(* Let $L,T>0$, $0<\gamma<1$, $\alpha>0$, let $K\ge1$ be an integer, $\Delta t=T/K$, $t_p=p\Delta t$, $\beta=\Gamma(2-\gamma)\Delta t^{\gamma}$ and $b_j=(j+1)^{1-\gamma}-j^{1-\gamma}$. Let $y(x,t)$ be the exact solution of $$\frac{\partial^{\gamma}y}{\partial t^{\gamma}}+\alpha\frac{\partial^4 y}{\partial x^4}=u(x,t),\quad (x,t)\in[0,L]\times[0,T],$$ with $y(x,0)=v_0(x)$, $y(0,t)=y(L,t)=0$, $y_{xx}(0,t)=y_{xx}(L,t)=0$, where $\partial_t^\gamma$ is the Caputo derivative, and assume $y$ is smooth enough that the L1 approximation satisfies $|l^{p}_{\Delta t}(x)|\le c\,\Delta t^{2-\gamma}$ for all $x\in[0,L]$ and $p=1,\dots,K$, with $c$ depending only on $y$, where $l^{p}_{\Delta t}(x)=\frac{\partial^\gamma y}{\partial t^\gamma}(x,t_p)-\frac{1}{\Gamma(2-\gamma)}\sum_{j=0}^{p-1}b_j\frac{y(x,t_{p-j})-y(x,t_{p-j-1})}{\Delta t^{\gamma}}$. Let $\{y^p\}_{p=0}^{K}$ be the time-discrete solution: $y^0=v_0$ and, for $p=1,\dots,K$, $y^p\in H^4(0,L)$ with $y^p(0)=y^p(L)=0$, $y^p_{xx}(0)=y^p_{xx}(L)=0$ and $$y^{1}+\beta\alpha\,y^{1}_{xxxx}=y^0+\beta u(\cdot,t_1),$$ $$y^{p+1}+\beta\alpha\,y^{p+1}_{xxxx}=(1-b_1)y^{p}+\sum_{j=1}^{p-1}(b_j-b_{j+1})y^{p-j}+b_p y^{0}+\beta u(\cdot,t_{p+1}),\quad p=1,\dots,K-1.$$ Then there is a constant $c_{y,\gamma}$ depending only on $y$ and $\gamma$ such that $$\|y(\cdot,t_p)-y^{p}\|_{2}\le c_{y,\gamma}\,T^{\gamma}\,\Delta t^{2-\gamma},\qquad p=1,2,\dots,K.$$
   Context: The Caputo derivative of order $\gamma\in(0,1)$ is $\frac{\partial^\gamma y}{\partial t^\gamma}(x,t)=\frac{1}{\Gamma(1-\gamma)}\int_0^t \frac{\partial y(x,s)}{\partial s}(t-s)^{-\gamma}ds$. $\|g\|_0$ is the $L^2(0,L)$ norm and $\|g\|_2=\big(\|g\|_0^2+\beta\alpha\|g_{xx}\|_0^2\big)^{1/2}$. Empty sums are zero. *)

theory Defs
  imports "HOL-Analysis.Analysis"
begin

definition dxk :: "nat \<Rightarrow> (real \<Rightarrow> real \<Rightarrow> real) \<Rightarrow> real \<Rightarrow> real \<Rightarrow> real" where
  "dxk k y t = (deriv ^^ k) (\<lambda>x. y x t)"

definition caputo :: "real \<Rightarrow> (real \<Rightarrow> real \<Rightarrow> real) \<Rightarrow> real \<Rightarrow> real \<Rightarrow> real" where
  "caputo \<gamma> y x t = (1 / Gamma (1 - \<gamma>)) *
     integral {0..t} (\<lambda>s. deriv (\<lambda>r. y x r) s * (t - s) powr (- \<gamma>))"

definition bcoef :: "real \<Rightarrow> nat \<Rightarrow> real" where
  "bcoef \<gamma> j = (real j + 1) powr (1 - \<gamma>) - real j powr (1 - \<gamma>)"
(* Let $X$ be a uniformly convex Banach space and $Y$ a finite-dimensional Banach space. Then the pair $(X,Y)$ has the sBPBp.
   Context: All Banach spaces are over $\mathbb{K}=\mathbb{R}$ or $\mathbb{C}$. $S_X$ denotes the unit sphere of $X$ and $\mathcal{L}(X,Y)$ the space of bounded linear operators from $X$ to $Y$ with the operator norm. A pair of Banach spaces $(X,Y)$ has the strong Bishop–Phelps–Bollobás property (sBPBp) if for every $\varepsilon>0$ and every $T\in\mathcal{L}(X,Y)$ with $\|T\|=1$ there exists $\eta=\eta(\varepsilon,T)>0$ such that whenever $x_0\in S_X$ satisfies $\|T(x_0)\|>1-\eta$, there exists $x_1\in S_X$ with $\|T(x_1)\|=1$ and $\|x_1-x_0\|<\varepsilon$. *)

theory Defs
  imports "HOL-Analysis.Analysis"
begin

definition uniformly_convex :: "'a::real_normed_vector itself \<Rightarrow> bool" where
  "uniformly_convex _ \<longleftrightarrow>
     (\<forall>\<epsilon>>0. \<exists>\<delta>>0. \<forall>x y::'a. norm x = 1 \<and> norm y = 1 \<and> norm (x - y) \<ge> \<epsilon>
        \<longrightarrow> norm ((1/2) *\<^sub>R (x + y)) \<le> 1 - \<delta>)"

definition finite_dim :: "'a::real_vector itself \<Rightarrow> bool" where
  "finite_dim _ \<longleftrightarrow> (\<exists>B::'a set. finite B \<and> span B = UNIV)"

definition sBPBp :: "'a::real_normed_vector itself \<Rightarrow> 'b::real_normed_vector itself \<Rightarrow> bool" where
  "sBPBp _ _ \<longleftrightarrow>
     (\<forall>\<epsilon>>0. \<forall>T::'a \<Rightarrow> 'b. bounded_linear T \<and> onorm T = 1 \<longrightarrow>
        (\<exists>\<eta>>0. \<forall>x0::'a. norm x0 = 1 \<and> norm (T x0) > 1 - \<eta> \<longrightarrow>
           (\<exists>x1::'a. norm x1 = 1 \<and> norm (T x1) = 1 \<and> norm (x1 - x0) < \<epsilon>)))"

end

theory Submission
  imports Defs
begin

text \<open>
  Suppose the property fails for some \<open>\<epsilon>\<close> and \<open>T\<close>. Then there are unit vectors \<open>x\<^sub>n\<close> with
  \<open>\<parallel>T x\<^sub>n\<parallel> \<rightarrow> 1\<close>, each at distance at least \<open>\<epsilon>\<close> from every norm-attaining unit vector.
  Since \<open>Y\<close> is finite-dimensional, a subsequence of \<open>T x\<^sub>n\<close> converges to some \<open>y\<close>, necessarily
  with \<open>\<parallel>y\<parallel> = 1\<close>. If two terms of that subsequence were \<open>e\<close>-apart, uniform convexity would push
  the norm of their midpoint below \<open>1 - \<delta>\<close>, while the image of the midpoint is close to \<open>y\<close>;
  as \<open>\<parallel>T\<parallel> = 1\<close>, the subsequence is therefore Cauchy. Its limit is a norm-attaining unit vector
  arbitrarily close to the \<open>x\<^sub>n\<close>, a contradiction.
\<close>

lemma infdist_subspace_le_norm_scaleR_add:
  fixes a :: "'a::real_normed_vector"
  assumes "subspace A" and "z \<in> A"
  shows "\<bar>t\<bar> * infdist a A \<le> norm (t *\<^sub>R a + z)"
proof (cases "t = 0")
  case True
  then show ?thesis by simp
next
  case False
  have "- (z /\<^sub>R t) \<in> A"
    using assms by (intro subspace_neg subspace_scale)
  then have "infdist a A \<le> dist a (- (z /\<^sub>R t))"
    by (rule infdist_le)
  also have "\<dots> = norm ((1 / t) *\<^sub>R (t *\<^sub>R a + z))"
    using False by (simp add: dist_norm scaleR_add_right divide_inverse_commute)
  also have "\<dots> = norm (t *\<^sub>R a + z) / \<bar>t\<bar>"
    by simp
  finally show ?thesis
    using False by (metis mult.commute pos_le_divide_eq zero_less_abs_iff)
qed

lemma closed_if_bounded_sequences_subconverge:
  fixes A :: "'a::metric_space set"
  assumes "\<And>f :: nat \<Rightarrow> 'a. (\<And>n. f n \<in> A) \<Longrightarrow> bounded (range f) \<Longrightarrow>
             \<exists>l\<in>A. \<exists>r. strict_mono r \<and> (f \<circ> r) \<longlonglongrightarrow> l"
  shows "closed A"
  unfolding closed_sequential_limits
proof (intro allI impI, elim conjE)
  fix f l
  assume f: "\<forall>n. f n \<in> A" and lim: "f \<longlonglongrightarrow> l"
  have "bounded (range f)"
    using lim by (rule convergent_imp_bounded)
  with f obtain l' r where "l' \<in> A" "strict_mono r" "(f \<circ> r) \<longlonglongrightarrow> l'"
    using assms[of f] by blast
  moreover have "(f \<circ> r) \<longlonglongrightarrow> l"
    using lim \<open>strict_mono r\<close> by (rule LIMSEQ_subseq_LIMSEQ)
  ultimately show "l \<in> A"
    using LIMSEQ_unique by auto
qed

text \<open>
  Induction on the spanning set: a new vector \<open>a \<notin> span S\<close> has positive distance from the
  closed subspace \<open>span S\<close>, which bounds the \<open>a\<close>-coefficients of a bounded sequence in
  \<open>span (insert a S)\<close>; the coefficients and the remainders in \<open>span S\<close> then converge along
  nested subsequences.
\<close>
lemma finite_span_bounded_imp_convergent_subsequence:
  fixes S :: "'a::real_normed_vector set" and f :: "nat \<Rightarrow> 'a"
  assumes "finite S" and "\<And>n. f n \<in> span S" and "bounded (range f)"
  shows "\<exists>l\<in>span S. \<exists>r. strict_mono r \<and> (f \<circ> r) \<longlonglongrightarrow> l"
  using assms
proof (induction S arbitrary: f rule: finite_induct)
  case empty
  then have "(f \<circ> id) \<longlonglongrightarrow> 0"
    by (simp add: o_def)
  then show ?case
    using strict_mono_id span_zero by blast
next
  case (insert a S)
  show ?case
  proof (cases "a \<in> span S")
    case True
    then show ?thesis
      using insert by (simp add: span_redundant)
  next
    case False
    have "closed (span S)"
      using insert.IH by (rule closed_if_bounded_sequences_subconverge)
    then have d: "infdist a (span S) > 0"
      using False infdist_pos_not_in_closed span_zero by blast
    have "\<forall>n. \<exists>s. f n - s *\<^sub>R a \<in> span S"
      using insert.prems(1) span_insert by blast
    then obtain t where t: "\<And>n. f n - t n *\<^sub>R a \<in> span S"
      by metis
    define z where "z n = f n - t n *\<^sub>R a" for n
    obtain M where M: "\<And>n. norm (f n) \<le> M"
      using insert.prems(2) unfolding bounded_iff by blast
    have tM: "\<bar>t n\<bar> \<le> M / infdist a (span S)" for n
      using infdist_subspace_le_norm_scaleR_add[OF subspace_span t[of n], where a = a and t = "t n"]
        M[of n] d
      by (simp add: field_simps)
    then have "bounded (range t)"
      unfolding bounded_iff by auto
    then obtain c r1 where r1: "strict_mono r1" "(t \<circ> r1) \<longlonglongrightarrow> c"
      using bounded_imp_convergent_subsequence by blast
    have "norm (z n) \<le> M + M / infdist a (span S) * norm a" for n
      using norm_triangle_ineq4[of "f n" "t n *\<^sub>R a"] M[of n] tM[of n]
        mult_right_mono[OF tM[of n] norm_ge_zero[of a]]
      by (simp add: z_def)
    then have "bounded (range (z \<circ> r1))"
      unfolding bounded_iff by auto
    moreover have "(z \<circ> r1) n \<in> span S" for n
      using t by (simp add: z_def)
    ultimately obtain w r2 where w: "w \<in> span S" "strict_mono r2" "(z \<circ> r1 \<circ> r2) \<longlonglongrightarrow> w"
      using insert.IH by blast
    have "(\<lambda>n. (t \<circ> r1 \<circ> r2) n *\<^sub>R a + (z \<circ> r1 \<circ> r2) n) \<longlonglongrightarrow> c *\<^sub>R a + w"
      using LIMSEQ_subseq_LIMSEQ[OF r1(2) w(2)] w(3) by (intro tendsto_intros)
    then have "(f \<circ> (r1 \<circ> r2)) \<longlonglongrightarrow> c *\<^sub>R a + w"
      by (simp add: z_def o_def)
    moreover have "c *\<^sub>R a + w \<in> span (insert a S)"
      using w(1) span_mono[of S "insert a S"]
      by (blast intro: span_add span_scale span_base)
    ultimately show ?thesis
      using r1(1) w(2) strict_mono_o by blast
  qed
qed

lemma finite_dim_bounded_imp_convergent_subsequence:
  fixes f :: "nat \<Rightarrow> 'a::real_normed_vector"
  assumes "finite_dim TYPE('a)" and "bounded (range f)"
  shows "\<exists>l r. strict_mono r \<and> (f \<circ> r) \<longlonglongrightarrow> l"
proof -
  obtain B :: "'a set" where "finite B" "span B = UNIV"
    using assms(1) unfolding finite_dim_def by blast
  then show ?thesis
    using finite_span_bounded_imp_convergent_subsequence[of B f] assms(2) by auto
qed

lemma uniformly_convexD:
  assumes "uniformly_convex TYPE('a::real_normed_vector)" and "e > 0"
  obtains \<delta> where "\<delta> > 0"
    and "\<And>x y::'a. norm x = 1 \<Longrightarrow> norm y = 1 \<Longrightarrow> e \<le> norm (x - y) \<Longrightarrow>
           norm ((1/2) *\<^sub>R (x + y)) \<le> 1 - \<delta>"
  using assms unfolding uniformly_convex_def by meson

lemma norm_le_if_onorm_le_1:
  assumes "bounded_linear T" and "onorm T \<le> 1"
  shows "norm (T x) \<le> norm x"
  using onorm[OF assms(1), of x] mult_right_mono[OF assms(2) norm_ge_zero[of x]] by simp

lemma norm_midpoint_gt_if_images_near_unit:
  fixes T :: "'a::real_normed_vector \<Rightarrow> 'b::real_normed_vector"
  assumes T: "bounded_linear T" "onorm T \<le> 1" and "norm y = 1"
    and "norm (T x - y) < \<delta>" and "norm (T x' - y) < \<delta>"
  shows "1 - \<delta> < norm ((1/2) *\<^sub>R (x + x'))"
proof -
  interpret T: bounded_linear T by (rule T(1))
  let ?m = "(1/2) *\<^sub>R (x + x')"
  have "T ?m - y = (1/2) *\<^sub>R (T x - y) + (1/2) *\<^sub>R (T x' - y)"
    by (simp add: T.scaleR T.add algebra_simps flip: scaleR_add_left)
  then have "norm (T ?m - y) < \<delta>"
    using norm_triangle_ineq[of "(1/2) *\<^sub>R (T x - y)" "(1/2) *\<^sub>R (T x' - y)"] assms(4,5)
    by simp
  then have "1 - \<delta> < norm (T ?m)"
    using norm_triangle_ineq2[of y "T ?m"] \<open>norm y = 1\<close> by (simp add: norm_minus_commute)
  also have "\<dots> \<le> norm ?m"
    using T by (rule norm_le_if_onorm_le_1)
  finally show ?thesis .
qed

lemma uniformly_convex_Cauchy_if_images_converge_to_unit:
  fixes T :: "'a::real_normed_vector \<Rightarrow> 'b::real_normed_vector"
  assumes "uniformly_convex TYPE('a)" and "bounded_linear T" and "onorm T \<le> 1"
    and "\<And>n. norm (u n) = 1" and "(\<lambda>n. T (u n)) \<longlonglongrightarrow> y" and "norm y = 1"
  shows "Cauchy u"
proof (rule metric_CauchyI)
  fix e :: real
  assume "e > 0"
  with assms(1) obtain \<delta> where "\<delta> > 0" and \<delta>:
    "\<And>x y::'a. norm x = 1 \<Longrightarrow> norm y = 1 \<Longrightarrow> e \<le> norm (x - y) \<Longrightarrow>
       norm ((1/2) *\<^sub>R (x + y)) \<le> 1 - \<delta>"
    by (rule uniformly_convexD) blast
  then obtain M where M: "\<And>n. n \<ge> M \<Longrightarrow> norm (T (u n) - y) < \<delta>"
    using assms(5) unfolding LIMSEQ_iff by blast
  have "dist (u m) (u n) < e" if "m \<ge> M" "n \<ge> M" for m n
    using \<delta>[OF assms(4) assms(4), of m n]
      norm_midpoint_gt_if_images_near_unit[OF assms(2,3,6) M[OF that(1)] M[OF that(2)]]
    by (force simp: dist_norm)
  then show "\<exists>M. \<forall>m\<ge>M. \<forall>n\<ge>M. dist (u m) (u n) < e"
    by blast
qed

lemma uniformly_convex_norm_attaining_limit:
  fixes T :: "'a::banach \<Rightarrow> 'b::real_normed_vector"
  assumes "uniformly_convex TYPE('a)" and "bounded_linear T" and "onorm T \<le> 1"
    and "\<And>n. norm (u n) = 1" and "(\<lambda>n. T (u n)) \<longlonglongrightarrow> y" and "norm y = 1"
  obtains x where "u \<longlonglongrightarrow> x" and "norm x = 1" and "norm (T x) = 1"
proof -
  obtain x where x: "u \<longlonglongrightarrow> x"
    using uniformly_convex_Cauchy_if_images_converge_to_unit[OF assms] convergent_def
      Cauchy_convergent_iff by blast
  have "(\<lambda>n. norm (u n)) \<longlonglongrightarrow> norm x"
    using x by (rule tendsto_norm)
  then have "norm x = 1"
    using assms(4) by (simp add: LIMSEQ_const_iff)
  moreover have "T x = y"
    using bounded_linear.tendsto[OF assms(2) x] assms(5) LIMSEQ_unique by blast
  ultimately show ?thesis
    using that x assms(6) by blast
qed

lemma almost_norming_sequence_subconverges:
  fixes T :: "'a::banach \<Rightarrow> 'b::real_normed_vector"
  assumes "uniformly_convex TYPE('a)" and "finite_dim TYPE('b)"
    and "bounded_linear T" and "onorm T \<le> 1"
    and "\<And>n. norm (u n) = 1" and "(\<lambda>n. norm (T (u n))) \<longlonglongrightarrow> 1"
  obtains r x where "strict_mono r" and "(u \<circ> r) \<longlonglongrightarrow> x" and "norm x = 1" and "norm (T x) = 1"
proof -
  have "norm (T (u n)) \<le> 1" for n
    using norm_le_if_onorm_le_1[OF assms(3,4)] assms(5) by metis
  then have "bounded (range (\<lambda>n. T (u n)))"
    unfolding bounded_iff by blast
  then obtain r y where r: "strict_mono r" and y: "((\<lambda>n. T (u n)) \<circ> r) \<longlonglongrightarrow> y"
    using finite_dim_bounded_imp_convergent_subsequence[OF assms(2)] by blast
  have "((\<lambda>n. norm (T (u n))) \<circ> r) \<longlonglongrightarrow> norm y"
    using tendsto_norm[OF y] by (simp add: o_def)
  moreover have "((\<lambda>n. norm (T (u n))) \<circ> r) \<longlonglongrightarrow> 1"
    using LIMSEQ_subseq_LIMSEQ[OF assms(6) r] .
  ultimately have "norm y = 1"
    using LIMSEQ_unique by blast
  then obtain x where "(u \<circ> r) \<longlonglongrightarrow> x" "norm x = 1" "norm (T x) = 1"
    using uniformly_convex_norm_attaining_limit[OF assms(1,3,4), of "u \<circ> r" y] assms(5) y
    by (auto simp: o_def)
  then show ?thesis
    using that r by blast
qed

theorem mainTheorem4:
  assumes "uniformly_convex TYPE('a::banach)"
    and "finite_dim TYPE('b::banach)"
  shows "sBPBp TYPE('a) TYPE('b)"
  unfolding sBPBp_def
proof (intro allI impI, elim conjE, rule ccontr)
  fix \<epsilon> :: real and T :: "'a \<Rightarrow> 'b"
  assume T: "bounded_linear T" "onorm T = 1" and "\<epsilon> > 0"
  let ?far = "\<lambda>x0. \<forall>x1. norm x1 = 1 \<and> norm (T x1) = 1 \<longrightarrow> \<not> norm (x1 - x0) < \<epsilon>"
  assume "\<not> (\<exists>\<eta>>0. \<forall>x0. norm x0 = 1 \<and> norm (T x0) > 1 - \<eta> \<longrightarrow>
           (\<exists>x1. norm x1 = 1 \<and> norm (T x1) = 1 \<and> norm (x1 - x0) < \<epsilon>))"
  then have "\<forall>n. \<exists>x0. norm x0 = 1 \<and> norm (T x0) > 1 - inverse (real (Suc n)) \<and> ?far x0"
    by (metis inverse_positive_iff_positive of_nat_0_less_iff zero_less_Suc)
  then obtain u where u: "\<And>n. norm (u n) = 1" "\<And>n. norm (T (u n)) > 1 - inverse (real (Suc n))"
    and far: "\<And>n. ?far (u n)"
    by metis
  have upper: "norm (T (u n)) \<le> 1" for n
    using norm_le_if_onorm_le_1[OF T(1)] T(2) u(1) by (metis order_refl)
  have "(\<lambda>n. 1 - inverse (real (Suc n))) \<longlonglongrightarrow> 1"
    using tendsto_diff[OF tendsto_const LIMSEQ_inverse_real_of_nat, of 1] by simp
  then have "(\<lambda>n. norm (T (u n))) \<longlonglongrightarrow> 1"
    by (rule tendsto_sandwich[rotated 2, OF _ tendsto_const])
      (use u(2) upper in \<open>auto intro!: always_eventually less_imp_le\<close>)
  then obtain r x where "(u \<circ> r) \<longlonglongrightarrow> x" "norm x = 1" "norm (T x) = 1"
    using almost_norming_sequence_subconverges[OF assms T(1)] T(2) u(1) by (metis order_refl)
  then obtain n where "norm ((u \<circ> r) n - x) < \<epsilon>"
    using \<open>\<epsilon> > 0\<close> unfolding LIMSEQ_iff by blast
  then show False
    using far[of "r n"] \<open>norm x = 1\<close> \<open>norm (T x) = 1\<close> by (simp add: norm_minus_commute)
qed

end
lemma skew_monomials:
  assumes moments: "\<forall>j k. integrable M (\<lambda>z. z ^ j * cnj z ^ k)"
  shows "integrable M (\<lambda>z. (z ^ a * cnj z ^ b - z ^ b * cnj z ^ a) * (z - cnj z))"
    and "skew M (\<lambda>z. z ^ a) (\<lambda>z. z ^ b) = of_real (gmat M a b)"
proof -
  have expand: "(\<lambda>z. (z ^ a * cnj z ^ b - z ^ b * cnj z ^ a) * (z - cnj z)) =
      (\<lambda>z. z ^ (a+1) * cnj z ^ b - z ^ a * cnj z ^ (b+1) - z ^ (b+1) * cnj z ^ a + z ^ b * cnj z ^ (a+1))"
    by (auto simp: fun_eq_iff algebra_simps)
  have int: "integrable M (\<lambda>z. z ^ j * cnj z ^ k)" for j k
    using moments by blast
  show "integrable M (\<lambda>z. (z ^ a * cnj z ^ b - z ^ b * cnj z ^ a) * (z - cnj z))"
    unfolding expand by (intro Bochner_Integration.integrable_add Bochner_Integration.integrable_diff int)
  have "skew M (\<lambda>z. z ^ a) (\<lambda>z. z ^ b)
      = moment M (a+1) b - moment M a (b+1) - moment M (b+1) a + moment M b (a+1)"
    unfolding skew_def moment_def complex_cnj_power expand
    by (subst Bochner_Integration.integral_add Bochner_Integration.integral_diff,
        (intro Bochner_Integration.integrable_add Bochner_Integration.integrable_diff int)+)+ (rule refl)
  also have "\<dots> = (moment M (a+1) b + cnj (moment M (a+1) b)) - (moment M a (b+1) + cnj (moment M a (b+1)))"
    using moment_swap[of M "b+1" a] moment_swap[of M b "a+1"] by simp
  also have "\<dots> = of_real (gmat M a b)"
    unfolding complex_add_cnj gmat_def mhat_def by simp
  finally show "skew M (\<lambda>z. z ^ a) (\<lambda>z. z ^ b) = of_real (gmat M a b)" .
qed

..........

_What the task asks:_ Find each line in the material above that carries the string "elim", and copy it.

_Answer for the task:_
proof (intro allI impI, elim conjE)
proof (intro allI impI, elim conjE, rule ccontr)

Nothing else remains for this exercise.